** EXTRACTED INFORMATION follows **

(* Let $j,s,d,t$ be positive integers with $s>dt$, $q$ a prime power, $\mathcal{C}\subseteq\mathbb{F}_q^{js}$ a linear code of dimension $j(s-dt)$, and $\mathcal{L}:[js]\to[s]$ a labeling with $\Delta_{\mathcal{L}}(\mathcal{C})\ge dt+1$. Let $G\in\mathbb{F}_q^{j(s-dt)\times js}$ be any generator matrix of $\mathcal{C}$, and for $\Lambda\subseteq[s]$ let $G(\Lambda)$ be the submatrix of $G$ consisting of the columns $i\in[js]$ with $\mathcal{L}(i)\in\Lambda$. Then for every $\Lambda\subseteq[s]$ with $|\Lambda|=s-dt$, $G(\Lambda)$ is a square $j(s-dt)\times j(s-dt)$ matrix and $\det G(\Lambda)\neq0$.
   Context: A labeling is a surjection $\mathcal{L}:[n]\to[s]$. Labelweight: for $\mathbf{c}\in\mathbb{F}^n$, $\Delta_{\mathcal{L}}(\mathbf{c})=|\{\mathcal{L}(i): c_i\neq0\}|$; for a code $\mathcal{C}$, $\Delta_{\mathcal{L}}(\mathcal{C})=\min_{\mathbf{0}\ne\mathbf{c}\in\mathcal{C}}\Delta_{\mathcal{L}}(\mathbf{c})$. A generator matrix of $\mathcal{C}$ is a matrix whose row span is $\mathcal{C}$ and whose number of rows equals $\dim\mathcal{C}$. *)

theory Defs
  imports "Jordan_Normal_Form.Determinant" "Jordan_Normal_Form.DL_Submatrix"
begin

text \<open>Vectors of length n over a field are elements of carrier_vec n; coordinates are
indexed by 0..n-1 and labels by 0..s-1 (0-based versions of [n] and [s]).\<close>

definition is_labeling :: "nat \<Rightarrow> nat \<Rightarrow> (nat \<Rightarrow> nat) \<Rightarrow> bool" where
  "is_labeling n s L \<longleftrightarrow> L ` {..<n} = {..<s}"

definition is_linear_code :: "nat \<Rightarrow> 'a :: field vec set \<Rightarrow> bool" where
  "is_linear_code n C \<longleftrightarrow> C \<subseteq> carrier_vec n \<and> 0\<^sub>v n \<in> C \<and>
     (\<forall>u\<in>C. \<forall>v\<in>C. u + v \<in> C) \<and> (\<forall>a. \<forall>u\<in>C. a \<cdot>\<^sub>v u \<in> C)"

definition row_span :: "'a :: field mat \<Rightarrow> 'a vec set" where
  "row_span G = {transpose_mat G *\<^sub>v x | x. x \<in> carrier_vec (dim_row G)}"

definition code_dim :: "nat \<Rightarrow> 'a :: field vec set \<Rightarrow> nat" where
  "code_dim n C = (LEAST k. \<exists>G \<in> carrier_mat k n. row_span G = C)"

definition is_generator_matrix :: "nat \<Rightarrow> 'a :: field vec set \<Rightarrow> 'a mat \<Rightarrow> bool" where
  "is_generator_matrix n C G \<longleftrightarrow> G \<in> carrier_mat (code_dim n C) n \<and> row_span G = C"

definition labelweight :: "nat \<Rightarrow> (nat \<Rightarrow> nat) \<Rightarrow> 'a :: zero vec \<Rightarrow> nat" where
  "labelweight n L c = card {L i | i. i < n \<and> c $ i \<noteq> 0}"

definition code_labelweight :: "nat \<Rightarrow> (nat \<Rightarrow> nat) \<Rightarrow> 'a :: zero vec set \<Rightarrow> nat" where
  "code_labelweight n L C = Min {labelweight n L c | c. c \<in> C \<and> c \<noteq> 0\<^sub>v n}"

text \<open>G(Lambda): columns i with L i in Lambda, in increasing order.\<close>
definition label_submatrix :: "'a mat \<Rightarrow> (nat \<Rightarrow> nat) \<Rightarrow> nat set \<Rightarrow> 'a mat" where
  "label_submatrix G L \<Lambda> = submatrix G {..<dim_row G} {i. i < dim_col G \<and> L i \<in> \<Lambda>}"

end

theory Submission
  imports Defs
begin

(*
  Let k = j(s - dt). If the codeword x G vanishes on all columns whose label lies in a set
  \<Lambda> of s - dt labels, its support uses at most dt labels, so x G = 0 by the label-weight
  bound, and x = 0 because a generator matrix of minimal size has independent rows. Hence the
  k rows of G(\<Lambda>) are independent, which forces G(\<Lambda>) to have at least k columns. The label
  classes have sizes summing to js, so on average an (s - dt)-set of labels carries exactly k
  columns; as none carries fewer, every G(\<Lambda>) is a k \<times> k matrix with trivial left kernel.
*)

lemma transpose_mult_vec_index:
  assumes "G \<in> carrier_mat k n" "x \<in> carrier_vec k" "c < n"
  shows "(transpose_mat G *\<^sub>v x) $ c = (\<Sum>r<k. G $$ (r, c) * x $ r)"
  using assms by (auto simp: scalar_prod_def atLeast0LessThan intro!: sum.cong)

definition skip :: "nat \<Rightarrow> nat \<Rightarrow> nat" where
  "skip i r = (if r < i then r else Suc r)"

lemma sum_lessThan_skip:
  fixes f :: "nat \<Rightarrow> 'a::comm_monoid_add"
  assumes "i < k"
  shows "(\<Sum>r<k. f r) = f i + (\<Sum>r<k - 1. f (skip i r))"
proof -
  have "bij_betw (skip i) {..<k - 1} ({..<k} - {i})"
  proof (rule bij_betw_imageI)
    show "inj_on (skip i) {..<k - 1}" by (auto simp: skip_def inj_on_def)
    show "skip i ` {..<k - 1} = {..<k} - {i}"
    proof (intro subset_antisym subsetI)
      fix r assume "r \<in> {..<k} - {i}"
      with assms show "r \<in> skip i ` {..<k - 1}"
        by (cases "r < i") (auto simp: skip_def intro: image_eqI[of _ _ r] image_eqI[of _ _ "r - 1"])
    qed (use assms in \<open>auto simp: skip_def\<close>)
  qed
  then have "(\<Sum>r\<in>{..<k} - {i}. f r) = (\<Sum>r<k - 1. f (skip i r))"
    by (simp add: sum.reindex_bij_betw)
  with assms show ?thesis by (simp add: sum.remove)
qed

lemma transpose_mult_vec_drop_row:
  assumes G: "G \<in> carrier_mat k n" and w: "w \<in> carrier_vec k" and i: "i < k" "w $ i = 0"
  shows "transpose_mat G *\<^sub>v w =
    transpose_mat (mat (k - 1) n (\<lambda>(r, c). G $$ (skip i r, c))) *\<^sub>v vec (k - 1) (\<lambda>r. w $ skip i r)"
    (is "_ = transpose_mat ?G' *\<^sub>v ?w'")
proof (rule eq_vecI)
  fix c assume "c < dim_vec (transpose_mat ?G' *\<^sub>v ?w')"
  then have c: "c < n" by simp
  have skip_lt: "skip i r < k" if "r < k - 1" for r using that by (auto simp: skip_def)
  have "(transpose_mat G *\<^sub>v w) $ c = (\<Sum>r<k - 1. G $$ (skip i r, c) * w $ skip i r)"
    using transpose_mult_vec_index[OF G w c] sum_lessThan_skip[OF i(1), of "\<lambda>r. G $$ (r, c) * w $ r"] i(2)
    by simp
  also have "\<dots> = (transpose_mat ?G' *\<^sub>v ?w') $ c"
    by (subst transpose_mult_vec_index[of _ "k - 1" n]) (use c skip_lt in auto)
  finally show "(transpose_mat G *\<^sub>v w) $ c = (transpose_mat ?G' *\<^sub>v ?w') $ c" .
qed (use G in simp)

** End of EXTRACTED INFORMATION **

_BRIEF_
Produce a word-for-word copy of everything above from the line holding "fix c assume" down to the line holding "(auto simp: skip_def)", with both of those lines kept.

_OUTPUT FOR THIS EXERCISE_
  fix c assume "c < dim_vec (transpose_mat ?G' *\<^sub>v ?w')"
  then have c: "c < n" by simp
  have skip_lt: "skip i r < k" if "r < k - 1" for r using that by (auto simp: skip_def)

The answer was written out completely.